_WHAT THIS TASK INVOLVES_.
Every line below that contains the word "auto" must be copied.

**** MATERIAL SHOWN

(* Let $\mathbb{K}$ be a field of characteristic $2$, let $A$ be an associative commutative $\mathbb{K}$-algebra, and let $(A[[t]],\mu_t)$, $\mu_t(a,b)=ab+\sum_{i\ge1}t^i\mu_i(a,b)$, be a formal deformation of $A$ such that $\mu_1(a^2,b)=0$ and $\mu_2^-(a^2,b)=0$ for all $a,b\in A$. Then $(A,\cdot,\mu_1^-,\omega_{\mu_1})$ is a restricted Poisson algebra.
   Context: A formal deformation of $A$ is an associative $\mathbb{K}[[t]]$-bilinear product $\mu_t$ on $A[[t]]$ of the stated form with $\mu_i:A\times A\to A$ bilinear. For bilinear $\mu$: $\mu^-(a,b)=\mu(a,b)-\mu(b,a)$ and $\omega_\mu(a)=\mu(a,a)$. A restricted Poisson algebra (characteristic 2) is a commutative associative algebra $(A,\cdot)$ with a Lie bracket $\{,\}$ satisfying $\{ab,c\}=a\{b,c\}+b\{a,c\}$, and a map $(-)^{\{2\}}$ with $(\lambda x)^{\{2\}}=\lambda^2x^{\{2\}}$, $\mathrm{ad}_{x^{\{2\}}}=\mathrm{ad}_x^2$, $(x+y)^{\{2\}}=x^{\{2\}}+y^{\{2\}}+\{x,y\}$, and $(xy)^{\{2\}}=x^2y^{\{2\}}+y^2x^{\{2\}}+xy\{x,y\}$. *)

theory Defs
  imports Complex_Main
begin

text \<open>A commutative associative K-algebra A is modelled by a type 'a of class comm_ring
  (commutative, associative, not necessarily unital) together with a scalar multiplication
  sc :: 'k \<Rightarrow> 'a \<Rightarrow> 'a over a field 'k making A a K-module and compatible with the product.\<close>

definition k_algebra :: "('k::field \<Rightarrow> 'a::comm_ring \<Rightarrow> 'a) \<Rightarrow> bool" where
  "k_algebra sc \<longleftrightarrow> module sc \<and>
     (\<forall>c x y. sc c (x * y) = sc c x * y \<and> sc c (x * y) = x * sc c y)"

definition bilinear_map :: "('k::field \<Rightarrow> 'a::comm_ring \<Rightarrow> 'a) \<Rightarrow> ('a \<Rightarrow> 'a \<Rightarrow> 'a) \<Rightarrow> bool" where
  "bilinear_map sc f \<longleftrightarrow>
     (\<forall>x y z. f (x + y) z = f x z + f y z) \<and>
     (\<forall>x y z. f x (y + z) = f x y + f x z) \<and>
     (\<forall>c x y. f (sc c x) y = sc c (f x y)) \<and>
     (\<forall>c x y. f x (sc c y) = sc c (f x y))"

text \<open>Formal deformation: mu_t = sum_i t^i mu_i with mu_0 the product of A, each mu_i
  bilinear, and mu_t associative on A[[t]]. Since mu_t is the K[[t]]-bilinear extension,
  associativity is equivalent to the vanishing of every t^n coefficient of
  mu_t(mu_t(a,b),c) - mu_t(a,mu_t(b,c)) for a,b,c in A.\<close>
definition formal_deformation ::
    "('k::field \<Rightarrow> 'a::comm_ring \<Rightarrow> 'a) \<Rightarrow> (nat \<Rightarrow> 'a \<Rightarrow> 'a \<Rightarrow> 'a) \<Rightarrow> bool" where
  "formal_deformation sc \<mu> \<longleftrightarrow>
     (\<forall>a b. \<mu> 0 a b = a * b) \<and>
     (\<forall>i. bilinear_map sc (\<mu> i)) \<and>
     (\<forall>n a b c. (\<Sum>i\<le>n. \<mu> i (\<mu> (n - i) a b) c) = (\<Sum>i\<le>n. \<mu> i a (\<mu> (n - i) b c)))"

definition antisymmetrization :: "('a::ab_group_add \<Rightarrow> 'a \<Rightarrow> 'a) \<Rightarrow> 'a \<Rightarrow> 'a \<Rightarrow> 'a" where
  "antisymmetrization m a b = m a b - m b a"

definition omega_of :: "('a \<Rightarrow> 'a \<Rightarrow> 'a) \<Rightarrow> 'a \<Rightarrow> 'a" where
  "omega_of m a = m a a"

definition lie_bracket :: "('k::field \<Rightarrow> 'a::comm_ring \<Rightarrow> 'a) \<Rightarrow> ('a \<Rightarrow> 'a \<Rightarrow> 'a) \<Rightarrow> bool" where
  "lie_bracket sc br \<longleftrightarrow> bilinear_map sc br \<and> (\<forall>x. br x x = 0) \<and>
     (\<forall>x y z. br x (br y z) + br y (br z x) + br z (br x y) = 0)"

definition restricted_poisson ::
    "('k::field \<Rightarrow> 'a::comm_ring \<Rightarrow> 'a) \<Rightarrow> ('a \<Rightarrow> 'a \<Rightarrow> 'a) \<Rightarrow> ('a \<Rightarrow> 'a) \<Rightarrow> bool" where
  "restricted_poisson sc br sq \<longleftrightarrow>
     k_algebra sc \<and> lie_bracket sc br \<and>
     (\<forall>a b c. br (a * b) c = a * br b c + b * br a c) \<and>
     (\<forall>c x. sq (sc c x) = sc (c^2) (sq x)) \<and>
     (\<forall>x y. br (sq x) y = br x (br x y)) \<and>
     (\<forall>x y. sq (x + y) = sq x + sq y + br x y) \<and>
     (\<forall>x y. sq (x * y) = (x * x) * sq y + (y * y) * sq x + (x * y) * br x y)"

end

theory Submission
  imports Defs
begin

text \<open>For every formal deformation of a commutative algebra the antisymmetrization of mu_1 is
  a Poisson bracket: the defects of the Leibniz rule and of the Jacobi identity are signed sums of
  the t^1 resp. t^2 coefficients of the associator of mu_t, which vanish. In characteristic 2 the
  same coefficients, taken at repeated arguments, also give the identities for the square map
  omega(a) = mu_1(a,a); what is left over there is mu_1(a^2,b) resp. the antisymmetrization of
  mu_2 at (a^2,b), and these are exactly the terms the hypotheses kill.\<close>

lemma bilinear_map_add_left: "bilinear_map sc f \<Longrightarrow> f (x + y) z = f x z + f y z"
  by (simp add: bilinear_map_def)

lemma bilinear_map_add_right: "bilinear_map sc f \<Longrightarrow> f x (y + z) = f x y + f x z"
  by (simp add: bilinear_map_def)

lemma bilinear_map_diff_left: "bilinear_map sc f \<Longrightarrow> f (x - y) z = f x z - f y z"
  by (metis bilinear_map_add_left eq_diff_eq)

lemma bilinear_map_diff_right: "bilinear_map sc f \<Longrightarrow> f x (y - z) = f x y - f x z"
  by (metis bilinear_map_add_right eq_diff_eq)

lemma bilinear_map_antisymmetrization:
  assumes "module sc" and "bilinear_map sc f"
  shows "bilinear_map sc (antisymmetrization f)"
  using assms
  by (simp add: bilinear_map_def antisymmetrization_def module.scale_right_diff_distrib)

lemma omega_of_add:
  "bilinear_map sc f \<Longrightarrow> omega_of f (x + y) = omega_of f x + omega_of f y + (f x y + f y x)"
  by (simp add: omega_of_def bilinear_map_add_left bilinear_map_add_right algebra_simps)

lemma omega_of_scale:
  assumes "module sc" and "bilinear_map sc f"
  shows "omega_of f (sc c x) = sc (c\<^sup>2) (omega_of f x)"
  using assms by (simp add: omega_of_def bilinear_map_def module.scale_scale power2_eq_square)

locale deformation = module sc for sc :: "'k::field \<Rightarrow> 'a::comm_ring \<Rightarrow> 'a" +
  fixes \<mu> :: "nat \<Rightarrow> 'a \<Rightarrow> 'a \<Rightarrow> 'a"
  assumes formal_deformation: "formal_deformation sc \<mu>"
begin

abbreviation bracket :: "'a \<Rightarrow> 'a \<Rightarrow> 'a" where
  "bracket \<equiv> antisymmetrization (\<mu> 1)"

definition associator_coeff :: "nat \<Rightarrow> 'a \<Rightarrow> 'a \<Rightarrow> 'a \<Rightarrow> 'a" where
  "associator_coeff n a b c =
     (\<Sum>i\<le>n. \<mu> i (\<mu> (n - i) a b) c) - (\<Sum>i\<le>n. \<mu> i a (\<mu> (n - i) b c))"

lemma associator_coeff_eq_0: "associator_coeff n a b c = 0"
  using formal_deformation by (simp add: formal_deformation_def associator_coeff_def)

lemma mu_0: "\<mu> 0 a b = a * b"
  using formal_deformation by (simp add: formal_deformation_def)

lemma bilinear_mu: "bilinear_map sc (\<mu> i)"
  using formal_deformation by (simp add: formal_deformation_def)

lemmas mu_add_left = bilinear_map_add_left[OF bilinear_mu]
lemmas mu_add_right = bilinear_map_add_right[OF bilinear_mu]
lemmas mu_diff_left = bilinear_map_diff_left[OF bilinear_mu]
lemmas mu_diff_right = bilinear_map_diff_right[OF bilinear_mu]

lemma associator_coeff_1:
  "associator_coeff 1 a b c = \<mu> 1 a b * c + \<mu> 1 (a * b) c - (a * \<mu> 1 b c + \<mu> 1 a (b * c))"
  by (simp add: associator_coeff_def mu_0)

lemma associator_coeff_2:
  "associator_coeff 2 a b c = \<mu> 2 a b * c + \<mu> 1 (\<mu> 1 a b) c + \<mu> 2 (a * b) c
     - (a * \<mu> 2 b c + \<mu> 1 a (\<mu> 1 b c) + \<mu> 2 a (b * c))"
  by (simp add: associator_coeff_def mu_0 numeral_2_eq_2 add.assoc)

lemma bracket_mult_left: "bracket (a * b) c = a * bracket b c + b * bracket a c"
proof -
  have "bracket (a * b) c - (a * bracket b c + b * bracket a c)
      = associator_coeff 1 a b c - associator_coeff 1 a c b + associator_coeff 1 c a b"
    unfolding associator_coeff_1 antisymmetrization_def by (simp add: algebra_simps)
  then show ?thesis by (simp add: associator_coeff_eq_0)
qed

lemma bracket_jacobi: "bracket x (bracket y z) + bracket y (bracket z x) + bracket z (bracket x y) = 0"
proof -
  have "bracket x (bracket y z) + bracket y (bracket z x) + bracket z (bracket x y)
      = associator_coeff 2 x z y + associator_coeff 2 y x z + associator_coeff 2 z y x
        - associator_coeff 2 x y z - associator_coeff 2 y z x - associator_coeff 2 z x y"
    unfolding associator_coeff_2 antisymmetrization_def
    by (simp add: mu_diff_left mu_diff_right algebra_simps)
  then show ?thesis by (simp add: associator_coeff_eq_0)
qed

lemma lie_bracket_bracket: "lie_bracket sc bracket"
  unfolding lie_bracket_def
  using bilinear_map_antisymmetrization[OF module_axioms bilinear_mu] bracket_jacobi
  by (simp add: antisymmetrization_def)

end

locale char2_deformation =
  deformation sc \<mu> for sc :: "'k::field \<Rightarrow> 'a::comm_ring \<Rightarrow> 'a" and \<mu> +
  assumes CHAR_2: "CHAR('k) = 2"
begin

lemma add_self: "(x::'a) + x = 0"
proof -
  have "(1::'k) + 1 = 0"
    using of_nat_CHAR[where 'a='k] CHAR_2 by simp
  then have "sc 1 x + sc 1 x = 0"
    by (metis scale_left_distrib scale_zero_left)
  then show ?thesis by simp
qed

lemma add_self_left: "(x::'a) + (x + y) = y"
  by (simp add: add.assoc[symmetric] add_self)

lemma diff_eq_add: "(x::'a) - y = x + y"
  by (metis add_diff_cancel_left' add_self_left diff_add_cancel)

lemma bracket_eq: "bracket x y = \<mu> 1 x y + \<mu> 1 y x"
  by (simp only: antisymmetrization_def diff_eq_add)

lemma omega_of_add_bracket:
  "omega_of (\<mu> 1) (x + y) = omega_of (\<mu> 1) x + omega_of (\<mu> 1) y + bracket x y"
  unfolding omega_of_add[OF bilinear_mu] bracket_eq ..

lemma omega_of_mult:
  assumes "\<forall>a b. \<mu> 1 (a * a) b = 0"
  shows "omega_of (\<mu> 1) (x * y)
    = x * x * omega_of (\<mu> 1) y + y * y * omega_of (\<mu> 1) x + x * y * bracket x y"
proof -
  have "omega_of (\<mu> 1) (x * y)
        - (x * x * omega_of (\<mu> 1) y + y * y * omega_of (\<mu> 1) x + x * y * bracket x y)
      = associator_coeff 1 y y (x * x) + y * associator_coeff 1 y x x + associator_coeff 1 y x (x * y)
        + y * associator_coeff 1 x y x + \<mu> 1 (y * y) (x * x)"
    unfolding associator_coeff_1 bracket_eq omega_of_def
    by (simp add: diff_eq_add add_self add_self_left algebra_simps)
  with assms show ?thesis
    by (simp add: associator_coeff_eq_0)
qed

lemma bracket_omega_of_left:
  assumes "\<forall>a b. antisymmetrization (\<mu> 2) (a * a) b = 0"
  shows "bracket (omega_of (\<mu> 1) x) y = bracket x (bracket x y)"
proof -
  have "bracket (omega_of (\<mu> 1) x) y - bracket x (bracket x y)
      = associator_coeff 2 x x y + associator_coeff 2 x y x + associator_coeff 2 y x x
        + antisymmetrization (\<mu> 2) (x * x) y"
    unfolding associator_coeff_2 bracket_eq omega_of_def antisymmetrization_def
    by (simp add: diff_eq_add add_self add_self_left mu_add_left mu_add_right
      algebra_simps)
  with assms show ?thesis
    by (simp add: associator_coeff_eq_0)
qed

end

theorem mainTheorem13:
  fixes sc :: "'k::field \<Rightarrow> 'a::comm_ring \<Rightarrow> 'a"
    and \<mu> :: "nat \<Rightarrow> 'a \<Rightarrow> 'a \<Rightarrow> 'a"
  assumes "CHAR('k) = 2"
    and "k_algebra sc"
    and "formal_deformation sc \<mu>"
    and "\<forall>a b. \<mu> 1 (a * a) b = 0"
    and "\<forall>a b. antisymmetrization (\<mu> 2) (a * a) b = 0"
  shows "restricted_poisson sc (antisymmetrization (\<mu> 1)) (omega_of (\<mu> 1))"
proof -
  have "module sc"
    using \<open>k_algebra sc\<close> by (simp add: k_algebra_def)
  then interpret char2_deformation sc \<mu>
    using assms(1,3)
    by (simp add: char2_deformation_def char2_deformation_axioms_def deformation_def
        deformation_axioms_def)
  show ?thesis
    unfolding restricted_poisson_def
    using \<open>k_algebra sc\<close> lie_bracket_bracket bracket_mult_left
      omega_of_scale[OF \<open>module sc\<close> bilinear_mu] bracket_omega_of_left[OF assms(5)]
      omega_of_add_bracket omega_of_mult[OF assms(4)]
    by blast
qed

end
lemma rematch_gadget_cycle:
  assumes \<mu>: "\<mu> \<in> PM" and dbl: "doubled_edge \<mu> u v"
    and N: "nbrs E u = {v, x, y}" and vx: "v \<noteq> x" and vy: "v \<noteq> y" and xy: "x \<noteq> y"
    and \<mu>0: "\<mu> (InnerV u {}) = OuterV u x False"
  defines "a0 \<equiv> InnerV u {}" and "avx \<equiv> InnerV u {v, x}"
    and "axy \<equiv> InnerV u {x, y}" and "avy \<equiv> InnerV u {v, y}"
  shows "rematch E u v \<mu> = \<mu> \<circ> transpose a0 avy \<circ> transpose a0 axy \<circ> transpose a0 avx"
proof -
  have u: "u \<in> U"
    using dbl by (simp add: doubled_edge_def)
  have distinct: "a0 \<noteq> avx" "a0 \<noteq> axy" "a0 \<noteq> avy" "avx \<noteq> axy" "avx \<noteq> avy" "axy \<noteq> avy"
    using vx vy xy by (auto simp: a0_def avx_def axy_def avy_def doubleton_eq_iff)
  have inner: "inner_set E u = {a0, avx, axy, avy}"
    using inner_set_of_three[OF N vx vy xy] by (simp add: a0_def avx_def axy_def avy_def)
  have targets: "rematch_targets E u v S = {OuterV u x (x \<in> S), OuterV u y (y \<in> S)}" for S
    using rematch_targets_of_three[OF N vx vy] .
  have in_targets: "\<mu> (InnerV u S) \<in> {OuterV u x (x \<in> S), OuterV u y (y \<in> S)}"
    if "InnerV u S \<in> inner_set E u" for S
    using matched_into_rematch_targets[OF \<mu> dbl that] by (simp add: targets)
  have rematch_in_targets: "rematch E u v \<mu> (InnerV u S) \<in>
      {OuterV u x (x \<in> S), OuterV u y (y \<in> S)} - {\<mu> (InnerV u S)}"
    if "InnerV u S \<in> inner_set E u" for S
    using rematch_inner(1)[OF \<mu> dbl that] by (simp add: targets)
  have "inner_set E u \<subseteq> Xset U V E"
    using u by (auto simp: inner_set_def)
  then have inj: "\<mu> a \<noteq> \<mu> b" if "a \<in> inner_set E u" "b \<in> inner_set E u" "a \<noteq> b" for a b
    using inj_on_contraD[OF perfect_matchingD(3)[OF \<mu>]] that by blast
  \<comment> \<open>Going round the 8-cycle, starting from \<mu>(a_{u,\<emptyset>}) = b_{u,x,0}:\<close>
  have \<mu>vy: "\<mu> avy = OuterV u y True"
    using in_targets[of "{v, y}"] inj[of avy a0] \<mu>0 distinct inner vx vy xy
    by (auto simp: a0_def avy_def)
  have \<mu>xy: "\<mu> axy = OuterV u x True"
    using in_targets[of "{x, y}"] inj[of axy avy] \<mu>vy distinct inner
    by (auto simp: axy_def)
  have \<mu>vx: "\<mu> avx = OuterV u y False"
    using in_targets[of "{v, x}"] inj[of avx axy] \<mu>xy distinct inner vx vy xy
    by (auto simp: avx_def)
  have "rematch E u v \<mu> a0 = \<mu> avx"
    using rematch_in_targets[of "{}"] inner \<mu>0 \<mu>vx by (auto simp: a0_def)
  moreover have "rematch E u v \<mu> avx = \<mu> axy"
    using rematch_in_targets[of "{v, x}"] inner \<mu>vx \<mu>xy vx vy xy by (auto simp: avx_def)
  moreover have "rematch E u v \<mu> axy = \<mu> avy"
    using rematch_in_targets[of "{x, y}"] inner \<mu>xy \<mu>vy by (auto simp: axy_def)
  moreover have "rematch E u v \<mu> avy = \<mu> a0"
    using rematch_in_targets[of "{v, y}"] inner \<mu>vy \<mu>0 vx vy xy by (auto simp: avy_def a0_def)
  moreover have "rematch E u v \<mu> z = \<mu> z" if "z \<notin> {a0, avx, axy, avy}" for z
    using that inner by (simp add: rematch_def)
  ultimately show ?thesis
    using distinct by (auto simp: fun_eq_iff transpose_def)
qed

********

_RESULT OF THE EXERCISE_.
    using vx vy xy by (auto simp: a0_def avx_def axy_def avy_def doubleton_eq_iff)
    using u by (auto simp: inner_set_def)
    by (auto simp: a0_def avy_def)
    by (auto simp: axy_def)
    by (auto simp: avx_def)
    using rematch_in_targets[of "{}"] inner \<mu>0 \<mu>vx by (auto simp: a0_def)
    using rematch_in_targets[of "{v, x}"] inner \<mu>vx \<mu>xy vx vy xy by (auto simp: avx_def)
    using rematch_in_targets[of "{x, y}"] inner \<mu>xy \<mu>vy by (auto simp: axy_def)
    using rematch_in_targets[of "{v, y}"] inner \<mu>vy \<mu>0 vx vy xy by (auto simp: avy_def a0_def)
    using distinct by (auto simp: fun_eq_iff transpose_def)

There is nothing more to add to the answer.